> **INPUT DATA**
=-=-=-=-=
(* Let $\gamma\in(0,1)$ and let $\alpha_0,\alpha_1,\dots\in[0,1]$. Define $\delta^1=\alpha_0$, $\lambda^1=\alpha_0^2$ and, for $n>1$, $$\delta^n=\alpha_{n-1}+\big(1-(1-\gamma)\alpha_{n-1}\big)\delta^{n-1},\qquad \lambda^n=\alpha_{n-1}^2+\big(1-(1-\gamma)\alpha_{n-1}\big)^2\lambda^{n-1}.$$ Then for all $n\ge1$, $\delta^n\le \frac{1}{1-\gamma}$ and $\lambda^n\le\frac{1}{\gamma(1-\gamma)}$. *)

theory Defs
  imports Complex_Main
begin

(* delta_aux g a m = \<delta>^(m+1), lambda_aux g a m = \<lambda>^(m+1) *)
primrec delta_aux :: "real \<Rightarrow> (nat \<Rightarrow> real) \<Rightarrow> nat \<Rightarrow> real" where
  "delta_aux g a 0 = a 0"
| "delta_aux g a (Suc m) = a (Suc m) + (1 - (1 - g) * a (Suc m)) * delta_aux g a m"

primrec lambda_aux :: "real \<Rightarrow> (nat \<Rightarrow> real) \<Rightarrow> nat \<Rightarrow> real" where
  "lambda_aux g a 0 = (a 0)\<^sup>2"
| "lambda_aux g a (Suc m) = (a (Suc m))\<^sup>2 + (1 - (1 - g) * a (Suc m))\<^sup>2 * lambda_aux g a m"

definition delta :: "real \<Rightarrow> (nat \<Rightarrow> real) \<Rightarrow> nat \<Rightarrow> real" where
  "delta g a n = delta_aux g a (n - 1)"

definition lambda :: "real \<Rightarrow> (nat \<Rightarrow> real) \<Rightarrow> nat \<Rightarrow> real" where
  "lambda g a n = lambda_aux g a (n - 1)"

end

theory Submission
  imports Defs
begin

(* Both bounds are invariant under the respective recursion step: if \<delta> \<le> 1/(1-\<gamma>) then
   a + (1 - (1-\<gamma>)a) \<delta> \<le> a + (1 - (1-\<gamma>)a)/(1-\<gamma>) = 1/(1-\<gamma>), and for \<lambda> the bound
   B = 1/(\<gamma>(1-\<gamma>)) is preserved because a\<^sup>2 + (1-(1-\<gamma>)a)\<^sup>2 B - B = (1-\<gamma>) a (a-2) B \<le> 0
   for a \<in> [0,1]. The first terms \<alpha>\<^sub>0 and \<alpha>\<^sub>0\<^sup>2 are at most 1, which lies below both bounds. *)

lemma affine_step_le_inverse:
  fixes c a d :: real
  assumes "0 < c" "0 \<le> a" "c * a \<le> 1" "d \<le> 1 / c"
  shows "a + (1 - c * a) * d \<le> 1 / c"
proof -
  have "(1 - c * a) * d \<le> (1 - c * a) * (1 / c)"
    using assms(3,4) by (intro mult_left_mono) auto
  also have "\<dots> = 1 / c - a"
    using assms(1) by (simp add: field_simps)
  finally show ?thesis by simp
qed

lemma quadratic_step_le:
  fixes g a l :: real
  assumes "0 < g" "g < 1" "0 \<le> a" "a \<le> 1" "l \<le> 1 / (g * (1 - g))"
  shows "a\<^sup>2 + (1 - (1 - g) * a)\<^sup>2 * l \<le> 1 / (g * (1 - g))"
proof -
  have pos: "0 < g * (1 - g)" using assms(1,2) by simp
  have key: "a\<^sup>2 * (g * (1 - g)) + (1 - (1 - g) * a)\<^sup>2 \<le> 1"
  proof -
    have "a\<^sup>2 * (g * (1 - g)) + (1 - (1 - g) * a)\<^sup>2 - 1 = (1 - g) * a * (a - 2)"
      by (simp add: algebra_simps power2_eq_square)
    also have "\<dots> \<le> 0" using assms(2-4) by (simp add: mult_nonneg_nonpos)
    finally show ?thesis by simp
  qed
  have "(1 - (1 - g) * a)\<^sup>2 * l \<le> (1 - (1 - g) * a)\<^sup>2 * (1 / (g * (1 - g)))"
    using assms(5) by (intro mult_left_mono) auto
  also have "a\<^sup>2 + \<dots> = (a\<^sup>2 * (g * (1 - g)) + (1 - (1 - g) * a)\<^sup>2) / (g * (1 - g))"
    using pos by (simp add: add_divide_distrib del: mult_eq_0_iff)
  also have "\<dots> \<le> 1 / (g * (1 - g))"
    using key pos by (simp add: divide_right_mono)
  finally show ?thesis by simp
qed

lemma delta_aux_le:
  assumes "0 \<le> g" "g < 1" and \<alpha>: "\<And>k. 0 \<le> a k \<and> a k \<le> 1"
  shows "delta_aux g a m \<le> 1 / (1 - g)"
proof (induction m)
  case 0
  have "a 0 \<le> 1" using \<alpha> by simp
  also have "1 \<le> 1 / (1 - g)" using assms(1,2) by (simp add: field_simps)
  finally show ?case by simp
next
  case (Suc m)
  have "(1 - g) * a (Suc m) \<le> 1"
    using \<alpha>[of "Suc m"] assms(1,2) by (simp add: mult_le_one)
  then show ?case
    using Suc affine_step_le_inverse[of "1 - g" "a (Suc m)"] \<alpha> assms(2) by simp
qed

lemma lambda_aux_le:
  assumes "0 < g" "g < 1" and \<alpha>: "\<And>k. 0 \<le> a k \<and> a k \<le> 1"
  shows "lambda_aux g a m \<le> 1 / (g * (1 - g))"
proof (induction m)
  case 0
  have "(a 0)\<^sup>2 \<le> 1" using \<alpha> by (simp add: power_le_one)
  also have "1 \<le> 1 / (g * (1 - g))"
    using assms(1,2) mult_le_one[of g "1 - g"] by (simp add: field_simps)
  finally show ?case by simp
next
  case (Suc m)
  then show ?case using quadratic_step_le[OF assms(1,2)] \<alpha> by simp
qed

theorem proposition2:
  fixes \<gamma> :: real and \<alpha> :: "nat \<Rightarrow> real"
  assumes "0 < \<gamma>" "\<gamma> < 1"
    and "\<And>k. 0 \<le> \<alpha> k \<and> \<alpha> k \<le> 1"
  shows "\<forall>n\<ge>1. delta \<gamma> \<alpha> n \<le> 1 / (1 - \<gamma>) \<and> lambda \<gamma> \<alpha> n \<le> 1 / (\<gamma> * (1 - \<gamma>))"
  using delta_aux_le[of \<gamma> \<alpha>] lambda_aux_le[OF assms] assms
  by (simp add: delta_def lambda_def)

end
=-=-=-=-=
> **TASK PROMPT**
Return the whole listing exactly, with every line included.

> **TASK RESULT**
(* Let $\gamma\in(0,1)$ and let $\alpha_0,\alpha_1,\dots\in[0,1]$. Define $\delta^1=\alpha_0$, $\lambda^1=\alpha_0^2$ and, for $n>1$, $$\delta^n=\alpha_{n-1}+\big(1-(1-\gamma)\alpha_{n-1}\big)\delta^{n-1},\qquad \lambda^n=\alpha_{n-1}^2+\big(1-(1-\gamma)\alpha_{n-1}\big)^2\lambda^{n-1}.$$ Then for all $n\ge1$, $\delta^n\le \frac{1}{1-\gamma}$ and $\lambda^n\le\frac{1}{\gamma(1-\gamma)}$. *)

theory Defs
  imports Complex_Main
begin

(* delta_aux g a m = \<delta>^(m+1), lambda_aux g a m = \<lambda>^(m+1) *)
primrec delta_aux :: "real \<Rightarrow> (nat \<Rightarrow> real) \<Rightarrow> nat \<Rightarrow> real" where
  "delta_aux g a 0 = a 0"
| "delta_aux g a (Suc m) = a (Suc m) + (1 - (1 - g) * a (Suc m)) * delta_aux g a m"

primrec lambda_aux :: "real \<Rightarrow> (nat \<Rightarrow> real) \<Rightarrow> nat \<Rightarrow> real" where
  "lambda_aux g a 0 = (a 0)\<^sup>2"
| "lambda_aux g a (Suc m) = (a (Suc m))\<^sup>2 + (1 - (1 - g) * a (Suc m))\<^sup>2 * lambda_aux g a m"

definition delta :: "real \<Rightarrow> (nat \<Rightarrow> real) \<Rightarrow> nat \<Rightarrow> real" where
  "delta g a n = delta_aux g a (n - 1)"

definition lambda :: "real \<Rightarrow> (nat \<Rightarrow> real) \<Rightarrow> nat \<Rightarrow> real" where
  "lambda g a n = lambda_aux g a (n - 1)"

end

theory Submission
  imports Defs
begin

(* Both bounds are invariant under the respective recursion step: if \<delta> \<le> 1/(1-\<gamma>) then
   a + (1 - (1-\<gamma>)a) \<delta> \<le> a + (1 - (1-\<gamma>)a)/(1-\<gamma>) = 1/(1-\<gamma>), and for \<lambda> the bound
   B = 1/(\<gamma>(1-\<gamma>)) is preserved because a\<^sup>2 + (1-(1-\<gamma>)a)\<^sup>2 B - B = (1-\<gamma>) a (a-2) B \<le> 0
   for a \<in> [0,1]. The first terms \<alpha>\<^sub>0 and \<alpha>\<^sub>0\<^sup>2 are at most 1, which lies below both bounds. *)

lemma affine_step_le_inverse:
  fixes c a d :: real
  assumes "0 < c" "0 \<le> a" "c * a \<le> 1" "d \<le> 1 / c"
  shows "a + (1 - c * a) * d \<le> 1 / c"
proof -
  have "(1 - c * a) * d \<le> (1 - c * a) * (1 / c)"
    using assms(3,4) by (intro mult_left_mono) auto
  also have "\<dots> = 1 / c - a"
    using assms(1) by (simp add: field_simps)
  finally show ?thesis by simp
qed

lemma quadratic_step_le:
  fixes g a l :: real
  assumes "0 < g" "g < 1" "0 \<le> a" "a \<le> 1" "l \<le> 1 / (g * (1 - g))"
  shows "a\<^sup>2 + (1 - (1 - g) * a)\<^sup>2 * l \<le> 1 / (g * (1 - g))"
proof -
  have pos: "0 < g * (1 - g)" using assms(1,2) by simp
  have key: "a\<^sup>2 * (g * (1 - g)) + (1 - (1 - g) * a)\<^sup>2 \<le> 1"
  proof -
    have "a\<^sup>2 * (g * (1 - g)) + (1 - (1 - g) * a)\<^sup>2 - 1 = (1 - g) * a * (a - 2)"
      by (simp add: algebra_simps power2_eq_square)
    also have "\<dots> \<le> 0" using assms(2-4) by (simp add: mult_nonneg_nonpos)
    finally show ?thesis by simp
  qed
  have "(1 - (1 - g) * a)\<^sup>2 * l \<le> (1 - (1 - g) * a)\<^sup>2 * (1 / (g * (1 - g)))"
    using assms(5) by (intro mult_left_mono) auto
  also have "a\<^sup>2 + \<dots> = (a\<^sup>2 * (g * (1 - g)) + (1 - (1 - g) * a)\<^sup>2) / (g * (1 - g))"
    using pos by (simp add: add_divide_distrib del: mult_eq_0_iff)
  also have "\<dots> \<le> 1 / (g * (1 - g))"
    using key pos by (simp add: divide_right_mono)
  finally show ?thesis by simp
qed

lemma delta_aux_le:
  assumes "0 \<le> g" "g < 1" and \<alpha>: "\<And>k. 0 \<le> a k \<and> a k \<le> 1"
  shows "delta_aux g a m \<le> 1 / (1 - g)"
proof (induction m)
  case 0
  have "a 0 \<le> 1" using \<alpha> by simp
  also have "1 \<le> 1 / (1 - g)" using assms(1,2) by (simp add: field_simps)
  finally show ?case by simp
next
  case (Suc m)
  have "(1 - g) * a (Suc m) \<le> 1"
    using \<alpha>[of "Suc m"] assms(1,2) by (simp add: mult_le_one)
  then show ?case
    using Suc affine_step_le_inverse[of "1 - g" "a (Suc m)"] \<alpha> assms(2) by simp
qed

lemma lambda_aux_le:
  assumes "0 < g" "g < 1" and \<alpha>: "\<And>k. 0 \<le> a k \<and> a k \<le> 1"
  shows "lambda_aux g a m \<le> 1 / (g * (1 - g))"
proof (induction m)
  case 0
  have "(a 0)\<^sup>2 \<le> 1" using \<alpha> by (simp add: power_le_one)
  also have "1 \<le> 1 / (g * (1 - g))"
    using assms(1,2) mult_le_one[of g "1 - g"] by (simp add: field_simps)
  finally show ?case by simp
next
  case (Suc m)
  then show ?case using quadratic_step_le[OF assms(1,2)] \<alpha> by simp
qed

theorem proposition2:
  fixes \<gamma> :: real and \<alpha> :: "nat \<Rightarrow> real"
  assumes "0 < \<gamma>" "\<gamma> < 1"
    and "\<And>k. 0 \<le> \<alpha> k \<and> \<alpha> k \<le> 1"
  shows "\<forall>n\<ge>1. delta \<gamma> \<alpha> n \<le> 1 / (1 - \<gamma>) \<and> lambda \<gamma> \<alpha> n \<le> 1 / (\<gamma> * (1 - \<gamma>))"
  using delta_aux_le[of \<gamma> \<alpha>] lambda_aux_le[OF assms] assms
  by (simp add: delta_def lambda_def)

end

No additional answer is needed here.